-------- Material supplied
lemma subst_closed: "closed M \<Longrightarrow> subst M k P = M"
  using subst_bnd bnd_mono by (auto simp: closed_def)

lemma bnd_subst: "bnd (Suc k) M \<Longrightarrow> closed P \<Longrightarrow> bnd k (subst M k P)"
proof (induction M arbitrary: k)
  case (Var i)
  then show ?case using bnd_mono[of 0 P k] by (auto simp: closed_def)
qed (auto simp: lift_closed)

lemma closed_subst: "closed (Lam M) \<Longrightarrow> closed P \<Longrightarrow> closed (subst M 0 P)"
  using bnd_subst[of 0 M P] by (simp add: closed_def)

text \<open>\<open>ctx_related R M N\<close>: M and N are obtained from one (possibly open) context by
  filling its holes with pairwise R-related terms.\<close>
inductive ctx_related :: "(tm \<times> tm) set \<Rightarrow> tm \<Rightarrow> tm \<Rightarrow> bool" for R where
  var: "ctx_related R (Var i) (Var i)"
| rel: "(M, N) \<in> R \<Longrightarrow> ctx_related R M N"
| app: "ctx_related R A B \<Longrightarrow> ctx_related R A' B' \<Longrightarrow> ctx_related R (App A A') (App B B')"
| lam: "ctx_related R A B \<Longrightarrow> ctx_related R (Lam A) (Lam B)"

lemma ctx_related_refl: "ctx_related R M M"
  by (induction M) (auto intro: ctx_related.intros)

lemma ctx_related_converse: "ctx_related (R\<inverse>) A B \<longleftrightarrow> ctx_related R B A"
proof -
  have "ctx_related S M N \<Longrightarrow> ctx_related (S\<inverse>) N M" for S M N
    by (induction rule: ctx_related.induct) (auto intro: ctx_related.intros)
  from this[of "R\<inverse>" A B] this[of R B A] show ?thesis by auto
qed
text \<open>Only \<open>x\<^sub>1, \<dots>, x\<^sub>4\<close> have odd degree once the two open edges of \<open>X\<^sub>e\<close> are deleted,
  and \<open>P\<close> is constant on the components of what remains.\<close>
lemma typeA_self_intersection_if_separated:
  assumes fin: "finite V" and sg: "simple_graph V E" and tf: "triangle_free E" and cu: "cubic V E"
    and val: "valid_labeling E \<Lambda>" and "e \<in> E"
    and shape: "distinct [x1, x2, x3, x4]" "rc_verts E e = {x1, x2, x3, x4}"
      "rc_edges E e = {{x1, x2}, {x2, x3}, {x3, x4}, {x4, x1}}"
    and "\<Lambda> {x1, x2}"
    and invariant: "\<And>a c. {a, c} \<in> l2_edges E \<Longrightarrow> {a, c} \<notin> rc_edges E e \<Longrightarrow> P a = P c"
    and side: "P x1" "P x3" "\<not> P x2" "\<not> P x4"
  shows "\<exists>\<gamma>\<in>Gamma E \<Lambda>. typeA_self_intersection E \<Lambda> e \<gamma>"
proof -
  let ?O = "open_edges E \<Lambda>"
  let ?H = "?O - {{x1, x2}, {x3, x4}}"
  note alt = valid_labeling_four_cycle[OF val \<open>e \<in> E\<close> shape]
  have "rc_edges E e \<subseteq> l2_edges E" unfolding rc_edges_def by blast
  then have open_edges: "{x1, x2} \<in> ?O" "{x3, x4} \<in> ?O" and "{x2, x3} \<notin> ?O" "{x4, x1} \<notin> ?O"
    using \<open>\<Lambda> {x1, x2}\<close> alt shape(3) unfolding open_edges_def by auto
  then have disjoint: "rc_edges E e \<inter> ?H = {}" unfolding shape(3) by auto
  have H_invariant: "P a = P c" if "{a, c} \<in> ?H" for a c
  proof (rule invariant)
    show "{a, c} \<in> l2_edges E" using that by (simp add: open_edges_def)
    show "{a, c} \<notin> rc_edges E e" using that disjoint by (metis IntI empty_iff)
  qed
  have odd_iff: "odd (degree ?H z) \<longleftrightarrow> z \<in> {x1, x2, x3, x4}" for z
    by (rule odd_degree_open_edges_Diff[OF sg fin tf cu val open_edges shape(1)])
  have finite: "finite ?H" using finite_open_edges[OF sg fin] by blast
  have card2: "card d = 2" if "d \<in> ?H" for d
    using that card_l2_edge unfolding open_edges_def by blast
  have partner13: "z = x1 \<or> z = x3" if "odd (degree ?H z)" "P z = P x1" for z
    using odd_iff[THEN iffD1, OF that(1)] that(2) by (elim insertE emptyE) (simp_all add: side)
  have partner24: "z = x2 \<or> z = x4" if "odd (degree ?H z)" "P z = P x2" for z
    using odd_iff[THEN iffD1, OF that(1)] that(2) by (elim insertE emptyE) (simp_all add: side)
  have odd: "odd (degree ?H x1)" "odd (degree ?H x2)" by (simp_all only: odd_iff) simp_all
  have "reach ?H x1 x3"
    by (rule reach_unique_odd_partner[OF finite card2 odd(1) H_invariant partner13])
  moreover have "reach ?H x2 x4"
    by (rule reach_unique_odd_partner[OF finite card2 odd(2) H_invariant partner24])
  ultimately show ?thesis
    by (rule typeA_self_intersection_if_reach[OF shape open_edges])
qed

lemma bridge_typeA_self_intersection:
  assumes fin: "finite V" and sg: "simple_graph V E" and tf: "triangle_free E" and cu: "cubic V E"
    and val: "valid_labeling E \<Lambda>" and br: "is_bridge E b"
  shows "\<exists>\<gamma>\<in>Gamma E \<Lambda>. typeA_self_intersection E \<Lambda> b \<gamma>"
proof -
  have "b \<in> E" using br unfolding is_bridge_def by blast
  then obtain u v where b: "b = {u, v}" using sg by (elim simple_graph_edgeE)
  have cut: "\<not> reach (E - {b}) u v" using br b unfolding is_bridge_def by blast
  obtain f1 f2 g1 g2 where cycle:
    "{h \<in> E. u \<in> h} - {b} = {f1, f2}" "{h \<in> E. v \<in> h} - {b} = {g1, g2}"
    "distinct [{b, f1}, {b, g1}, {b, f2}, {b, g2}]"
    "rc_verts E b = {{b, f1}, {b, g1}, {b, f2}, {b, g2}}"
    "rc_edges E b = {{{b, f1}, {b, g1}}, {{b, g1}, {b, f2}}, {{b, f2}, {b, g2}}, {{b, g2}, {b, f1}}}"
    "\<Lambda> {{b, f1}, {b, g1}}" "\<Lambda> {{b, f2}, {b, g2}}" "\<not> \<Lambda> {{b, g1}, {b, f2}}" "\<not> \<Lambda> {{b, g2}, {b, f1}}"
    by (rule reduced_clique_open_four_cycle[OF sg tf cu val b \<open>b \<in> E\<close>])
  have "f \<in> E" "f \<noteq> b" "u \<in> f" if "f \<in> {f1, f2}" for f
    using that cycle(1) by blast+
  moreover have "g \<in> E" "g \<noteq> b" "v \<in> g" if "g \<in> {g1, g2}" for g
    using that cycle(2) by blast+
  ultimately have "on_side E b u {b, f1}" "on_side E b u {b, f2}"
      "\<not> on_side E b u {b, g1}" "\<not> on_side E b u {b, g2}"
    using on_side_doubleton[OF sg \<open>b \<in> E\<close>] b cut reach_refl by (metis insert_iff)+
  then show ?thesis
    using on_side_l2_edge[OF sg] cycle(6)
    by (intro typeA_self_intersection_if_separated[OF fin sg tf cu val \<open>b \<in> E\<close> cycle(3-5)])
qed

theorem lemma2p18:
  fixes V :: "'a set" and E :: "'a set set"
  assumes "finite V"
    and "simple_graph V E"
    and "connected_graph V E"
    and "triangle_free E"
    and "cubic V E"
    and "\<exists>b. is_bridge E b"
  shows "\<forall>\<Lambda>. valid_labeling E \<Lambda> \<longrightarrow>
           (\<exists>e\<in>E. \<exists>\<gamma>\<in>Gamma E \<Lambda>. typeA_self_intersection E \<Lambda> e \<gamma>)"
proof (intro allI impI)
  fix \<Lambda> assume val: "valid_labeling E \<Lambda>"
  obtain b where br: "is_bridge E b" using assms(6) by blast
  then have "b \<in> E" unfolding is_bridge_def by blast
  moreover have "\<exists>\<gamma>\<in>Gamma E \<Lambda>. typeA_self_intersection E \<Lambda> b \<gamma>"
    by (rule bridge_typeA_self_intersection[OF assms(1,2,4,5) val br])
  ultimately show "\<exists>e\<in>E. \<exists>\<gamma>\<in>Gamma E \<Lambda>. typeA_self_intersection E \<Lambda> e \<gamma>" by blast
qed

end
----------------
= Task requirements =
Please reply with an exact copy of the lines above, starting at the first and ending at the line that holds "filling its holes".

= Your response =
lemma subst_closed: "closed M \<Longrightarrow> subst M k P = M"
  using subst_bnd bnd_mono by (auto simp: closed_def)

lemma bnd_subst: "bnd (Suc k) M \<Longrightarrow> closed P \<Longrightarrow> bnd k (subst M k P)"
proof (induction M arbitrary: k)
  case (Var i)
  then show ?case using bnd_mono[of 0 P k] by (auto simp: closed_def)
qed (auto simp: lift_closed)

lemma closed_subst: "closed (Lam M) \<Longrightarrow> closed P \<Longrightarrow> closed (subst M 0 P)"
  using bnd_subst[of 0 M P] by (simp add: closed_def)

text \<open>\<open>ctx_related R M N\<close>: M and N are obtained from one (possibly open) context by
  filling its holes with pairwise R-related terms.\<close>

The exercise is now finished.